INSTRUCTIONS FOR THE TASK:
Please copy each line of the listing below in which the word "proof" appears.

DATA SHOWN:
____________________

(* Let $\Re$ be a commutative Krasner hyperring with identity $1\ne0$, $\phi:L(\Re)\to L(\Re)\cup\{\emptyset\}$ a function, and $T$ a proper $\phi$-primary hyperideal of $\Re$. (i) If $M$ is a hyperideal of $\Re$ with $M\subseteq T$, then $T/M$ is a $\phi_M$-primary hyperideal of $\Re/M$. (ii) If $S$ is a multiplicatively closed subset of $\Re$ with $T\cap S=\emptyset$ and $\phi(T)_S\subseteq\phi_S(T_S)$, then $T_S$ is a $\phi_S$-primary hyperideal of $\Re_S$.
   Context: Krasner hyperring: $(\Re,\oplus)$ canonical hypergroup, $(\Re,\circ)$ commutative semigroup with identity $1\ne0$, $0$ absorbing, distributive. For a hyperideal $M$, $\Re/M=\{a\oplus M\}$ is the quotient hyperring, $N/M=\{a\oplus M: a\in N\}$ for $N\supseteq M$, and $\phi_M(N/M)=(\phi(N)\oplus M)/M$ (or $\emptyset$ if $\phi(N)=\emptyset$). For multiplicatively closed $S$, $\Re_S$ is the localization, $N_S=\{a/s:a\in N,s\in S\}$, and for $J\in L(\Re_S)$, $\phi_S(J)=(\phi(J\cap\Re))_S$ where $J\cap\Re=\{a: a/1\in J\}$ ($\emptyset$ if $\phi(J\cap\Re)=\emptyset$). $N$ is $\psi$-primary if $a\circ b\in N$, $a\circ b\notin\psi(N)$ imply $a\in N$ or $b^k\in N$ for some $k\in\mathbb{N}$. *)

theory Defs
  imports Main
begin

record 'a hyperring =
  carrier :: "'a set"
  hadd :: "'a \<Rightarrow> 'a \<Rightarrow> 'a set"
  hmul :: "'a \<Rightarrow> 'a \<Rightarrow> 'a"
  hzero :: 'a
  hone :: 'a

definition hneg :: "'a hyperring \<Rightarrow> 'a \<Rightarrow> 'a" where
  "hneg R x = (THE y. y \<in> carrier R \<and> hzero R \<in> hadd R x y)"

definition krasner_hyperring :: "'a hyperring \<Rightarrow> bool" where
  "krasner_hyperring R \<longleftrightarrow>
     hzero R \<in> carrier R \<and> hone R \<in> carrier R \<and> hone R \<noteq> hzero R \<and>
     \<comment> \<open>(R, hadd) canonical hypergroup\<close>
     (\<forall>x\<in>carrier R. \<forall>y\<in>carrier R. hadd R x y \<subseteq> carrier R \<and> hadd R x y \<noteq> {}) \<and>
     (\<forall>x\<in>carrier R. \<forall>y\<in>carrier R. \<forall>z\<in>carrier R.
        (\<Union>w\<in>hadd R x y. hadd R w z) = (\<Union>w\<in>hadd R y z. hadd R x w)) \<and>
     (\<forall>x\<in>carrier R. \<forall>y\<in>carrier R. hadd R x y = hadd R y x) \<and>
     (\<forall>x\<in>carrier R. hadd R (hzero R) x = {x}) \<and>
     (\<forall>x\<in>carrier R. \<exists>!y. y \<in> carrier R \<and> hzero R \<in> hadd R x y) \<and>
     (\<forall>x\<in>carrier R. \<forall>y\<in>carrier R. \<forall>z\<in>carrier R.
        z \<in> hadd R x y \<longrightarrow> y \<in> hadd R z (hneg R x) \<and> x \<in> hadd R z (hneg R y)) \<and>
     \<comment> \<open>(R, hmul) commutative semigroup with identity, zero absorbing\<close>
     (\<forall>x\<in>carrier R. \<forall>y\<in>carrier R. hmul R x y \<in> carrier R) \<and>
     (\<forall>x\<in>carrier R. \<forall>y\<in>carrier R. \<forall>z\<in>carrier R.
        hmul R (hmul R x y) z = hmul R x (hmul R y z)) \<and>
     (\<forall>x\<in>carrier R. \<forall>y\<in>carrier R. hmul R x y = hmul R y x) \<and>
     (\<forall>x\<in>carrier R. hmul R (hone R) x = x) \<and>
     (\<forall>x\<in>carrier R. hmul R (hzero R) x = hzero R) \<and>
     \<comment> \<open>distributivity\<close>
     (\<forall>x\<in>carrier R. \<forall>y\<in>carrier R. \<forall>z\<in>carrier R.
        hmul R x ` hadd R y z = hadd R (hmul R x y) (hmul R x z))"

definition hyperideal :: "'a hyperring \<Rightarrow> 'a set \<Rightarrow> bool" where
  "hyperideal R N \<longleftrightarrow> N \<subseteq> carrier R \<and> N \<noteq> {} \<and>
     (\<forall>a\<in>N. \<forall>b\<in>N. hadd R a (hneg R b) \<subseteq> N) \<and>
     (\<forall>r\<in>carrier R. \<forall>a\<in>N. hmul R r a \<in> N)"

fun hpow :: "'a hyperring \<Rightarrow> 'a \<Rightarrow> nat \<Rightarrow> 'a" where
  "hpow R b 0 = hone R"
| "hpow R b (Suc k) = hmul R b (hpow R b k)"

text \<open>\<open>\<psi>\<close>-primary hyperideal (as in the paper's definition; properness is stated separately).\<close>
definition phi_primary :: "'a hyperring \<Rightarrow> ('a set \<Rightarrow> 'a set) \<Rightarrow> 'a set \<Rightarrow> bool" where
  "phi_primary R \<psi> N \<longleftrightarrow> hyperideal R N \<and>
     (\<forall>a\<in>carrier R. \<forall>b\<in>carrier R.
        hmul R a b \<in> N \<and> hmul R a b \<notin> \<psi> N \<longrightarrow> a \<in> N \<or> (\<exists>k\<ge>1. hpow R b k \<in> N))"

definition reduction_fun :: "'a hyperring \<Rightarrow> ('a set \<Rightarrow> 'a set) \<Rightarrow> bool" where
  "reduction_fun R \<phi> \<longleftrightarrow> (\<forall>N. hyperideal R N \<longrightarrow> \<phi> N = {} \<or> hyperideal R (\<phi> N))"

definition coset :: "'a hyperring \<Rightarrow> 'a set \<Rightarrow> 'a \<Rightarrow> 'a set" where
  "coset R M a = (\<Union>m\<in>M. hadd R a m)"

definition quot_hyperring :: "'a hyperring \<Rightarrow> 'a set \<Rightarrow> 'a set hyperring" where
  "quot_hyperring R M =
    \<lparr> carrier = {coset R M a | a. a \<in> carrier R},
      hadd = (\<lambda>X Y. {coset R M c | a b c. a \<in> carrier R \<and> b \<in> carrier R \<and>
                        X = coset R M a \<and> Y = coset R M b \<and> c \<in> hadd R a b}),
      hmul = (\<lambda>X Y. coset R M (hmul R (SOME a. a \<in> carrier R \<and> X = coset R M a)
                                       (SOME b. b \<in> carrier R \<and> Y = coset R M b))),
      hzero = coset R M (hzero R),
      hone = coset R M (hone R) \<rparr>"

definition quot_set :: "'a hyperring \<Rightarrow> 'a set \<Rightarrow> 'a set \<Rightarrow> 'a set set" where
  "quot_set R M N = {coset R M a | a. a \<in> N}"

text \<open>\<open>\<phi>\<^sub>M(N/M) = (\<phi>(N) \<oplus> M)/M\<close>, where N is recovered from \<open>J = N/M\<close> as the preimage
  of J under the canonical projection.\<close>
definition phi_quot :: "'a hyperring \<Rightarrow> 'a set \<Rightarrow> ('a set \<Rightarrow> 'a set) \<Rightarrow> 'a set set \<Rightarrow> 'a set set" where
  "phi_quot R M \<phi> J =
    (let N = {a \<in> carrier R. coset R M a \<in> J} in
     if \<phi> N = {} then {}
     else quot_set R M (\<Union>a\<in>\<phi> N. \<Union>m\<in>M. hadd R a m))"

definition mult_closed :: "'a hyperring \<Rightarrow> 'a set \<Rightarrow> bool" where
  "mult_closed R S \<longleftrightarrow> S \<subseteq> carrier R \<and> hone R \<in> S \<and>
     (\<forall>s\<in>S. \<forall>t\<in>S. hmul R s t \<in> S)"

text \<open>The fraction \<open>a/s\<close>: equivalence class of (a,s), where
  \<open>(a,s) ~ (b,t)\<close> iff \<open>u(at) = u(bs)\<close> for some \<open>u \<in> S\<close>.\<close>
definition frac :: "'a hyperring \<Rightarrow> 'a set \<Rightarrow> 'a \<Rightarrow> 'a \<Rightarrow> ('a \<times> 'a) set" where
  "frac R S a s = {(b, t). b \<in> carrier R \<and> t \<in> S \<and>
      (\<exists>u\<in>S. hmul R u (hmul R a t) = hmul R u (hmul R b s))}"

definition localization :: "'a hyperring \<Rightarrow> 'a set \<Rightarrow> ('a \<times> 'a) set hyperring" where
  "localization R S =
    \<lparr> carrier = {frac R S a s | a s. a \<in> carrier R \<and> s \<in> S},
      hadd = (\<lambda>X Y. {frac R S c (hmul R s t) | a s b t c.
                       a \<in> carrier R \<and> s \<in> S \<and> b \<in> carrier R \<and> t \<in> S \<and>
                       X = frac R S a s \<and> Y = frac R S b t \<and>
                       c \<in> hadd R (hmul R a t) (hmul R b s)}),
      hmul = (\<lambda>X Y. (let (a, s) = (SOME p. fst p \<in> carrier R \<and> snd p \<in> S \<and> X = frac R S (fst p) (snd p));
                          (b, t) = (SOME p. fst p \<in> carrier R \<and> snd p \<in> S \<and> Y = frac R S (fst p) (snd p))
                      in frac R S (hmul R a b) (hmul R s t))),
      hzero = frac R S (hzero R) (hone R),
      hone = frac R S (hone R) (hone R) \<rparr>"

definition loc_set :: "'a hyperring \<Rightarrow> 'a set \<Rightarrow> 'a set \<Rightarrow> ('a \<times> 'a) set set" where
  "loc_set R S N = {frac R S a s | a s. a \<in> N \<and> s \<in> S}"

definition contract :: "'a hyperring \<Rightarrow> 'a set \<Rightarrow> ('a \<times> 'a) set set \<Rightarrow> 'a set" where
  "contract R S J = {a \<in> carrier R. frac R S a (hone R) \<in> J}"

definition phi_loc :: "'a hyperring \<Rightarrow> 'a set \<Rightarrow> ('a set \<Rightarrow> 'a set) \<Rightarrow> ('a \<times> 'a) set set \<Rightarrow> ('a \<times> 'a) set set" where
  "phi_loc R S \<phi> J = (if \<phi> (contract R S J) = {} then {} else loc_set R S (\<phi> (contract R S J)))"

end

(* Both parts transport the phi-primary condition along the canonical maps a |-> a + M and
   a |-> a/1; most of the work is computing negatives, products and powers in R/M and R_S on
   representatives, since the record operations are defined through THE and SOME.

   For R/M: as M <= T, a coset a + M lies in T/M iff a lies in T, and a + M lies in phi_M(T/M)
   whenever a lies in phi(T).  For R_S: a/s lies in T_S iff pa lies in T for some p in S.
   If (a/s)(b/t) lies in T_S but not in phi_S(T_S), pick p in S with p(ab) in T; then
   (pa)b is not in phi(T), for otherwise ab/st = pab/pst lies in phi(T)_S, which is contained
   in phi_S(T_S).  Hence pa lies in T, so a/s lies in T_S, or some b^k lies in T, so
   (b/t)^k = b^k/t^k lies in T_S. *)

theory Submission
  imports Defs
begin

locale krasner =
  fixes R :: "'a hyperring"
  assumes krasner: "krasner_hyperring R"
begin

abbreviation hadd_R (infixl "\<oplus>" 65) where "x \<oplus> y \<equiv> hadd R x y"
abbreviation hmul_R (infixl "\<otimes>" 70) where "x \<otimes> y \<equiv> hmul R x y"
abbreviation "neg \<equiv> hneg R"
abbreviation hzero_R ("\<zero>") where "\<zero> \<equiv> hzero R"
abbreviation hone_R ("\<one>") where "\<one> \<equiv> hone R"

____________________

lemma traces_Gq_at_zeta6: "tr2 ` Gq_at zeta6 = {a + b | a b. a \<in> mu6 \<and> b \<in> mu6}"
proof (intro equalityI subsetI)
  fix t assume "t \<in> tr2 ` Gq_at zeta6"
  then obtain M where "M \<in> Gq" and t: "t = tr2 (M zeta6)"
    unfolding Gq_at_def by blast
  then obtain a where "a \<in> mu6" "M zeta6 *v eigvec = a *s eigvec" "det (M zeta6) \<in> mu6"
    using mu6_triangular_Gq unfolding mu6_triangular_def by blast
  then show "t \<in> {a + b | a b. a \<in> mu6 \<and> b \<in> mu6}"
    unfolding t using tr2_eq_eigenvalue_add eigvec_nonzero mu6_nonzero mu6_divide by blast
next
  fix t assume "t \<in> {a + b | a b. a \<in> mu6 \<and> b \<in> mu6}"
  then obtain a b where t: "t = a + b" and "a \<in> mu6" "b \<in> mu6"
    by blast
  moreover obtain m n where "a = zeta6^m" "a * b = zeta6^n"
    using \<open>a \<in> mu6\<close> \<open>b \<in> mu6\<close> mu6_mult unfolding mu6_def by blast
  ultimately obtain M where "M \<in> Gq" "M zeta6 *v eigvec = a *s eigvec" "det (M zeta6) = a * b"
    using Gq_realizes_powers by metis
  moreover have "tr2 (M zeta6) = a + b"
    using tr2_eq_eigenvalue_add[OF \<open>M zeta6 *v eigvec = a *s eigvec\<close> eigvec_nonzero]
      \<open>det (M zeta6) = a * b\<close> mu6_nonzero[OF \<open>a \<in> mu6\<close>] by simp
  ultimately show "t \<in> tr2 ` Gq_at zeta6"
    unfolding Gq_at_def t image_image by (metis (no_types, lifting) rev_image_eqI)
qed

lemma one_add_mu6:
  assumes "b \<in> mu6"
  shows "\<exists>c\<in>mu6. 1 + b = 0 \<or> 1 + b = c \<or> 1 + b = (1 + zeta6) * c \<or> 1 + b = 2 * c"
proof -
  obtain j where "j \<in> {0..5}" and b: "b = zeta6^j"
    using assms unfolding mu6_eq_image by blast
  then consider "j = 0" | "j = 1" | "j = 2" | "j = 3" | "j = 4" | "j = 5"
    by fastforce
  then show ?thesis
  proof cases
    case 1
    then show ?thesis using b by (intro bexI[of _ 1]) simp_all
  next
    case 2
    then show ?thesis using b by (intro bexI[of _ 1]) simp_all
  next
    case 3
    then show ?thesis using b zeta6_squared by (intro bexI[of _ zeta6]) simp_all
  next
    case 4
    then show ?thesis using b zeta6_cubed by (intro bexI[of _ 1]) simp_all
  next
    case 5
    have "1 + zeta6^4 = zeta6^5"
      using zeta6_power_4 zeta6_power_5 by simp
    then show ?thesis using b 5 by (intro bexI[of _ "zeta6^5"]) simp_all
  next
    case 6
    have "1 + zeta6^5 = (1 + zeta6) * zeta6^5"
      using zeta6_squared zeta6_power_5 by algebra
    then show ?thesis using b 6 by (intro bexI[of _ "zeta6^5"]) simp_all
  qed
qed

____________________

RESPONSE BOX:
proof (intro equalityI subsetI)
proof -
  proof cases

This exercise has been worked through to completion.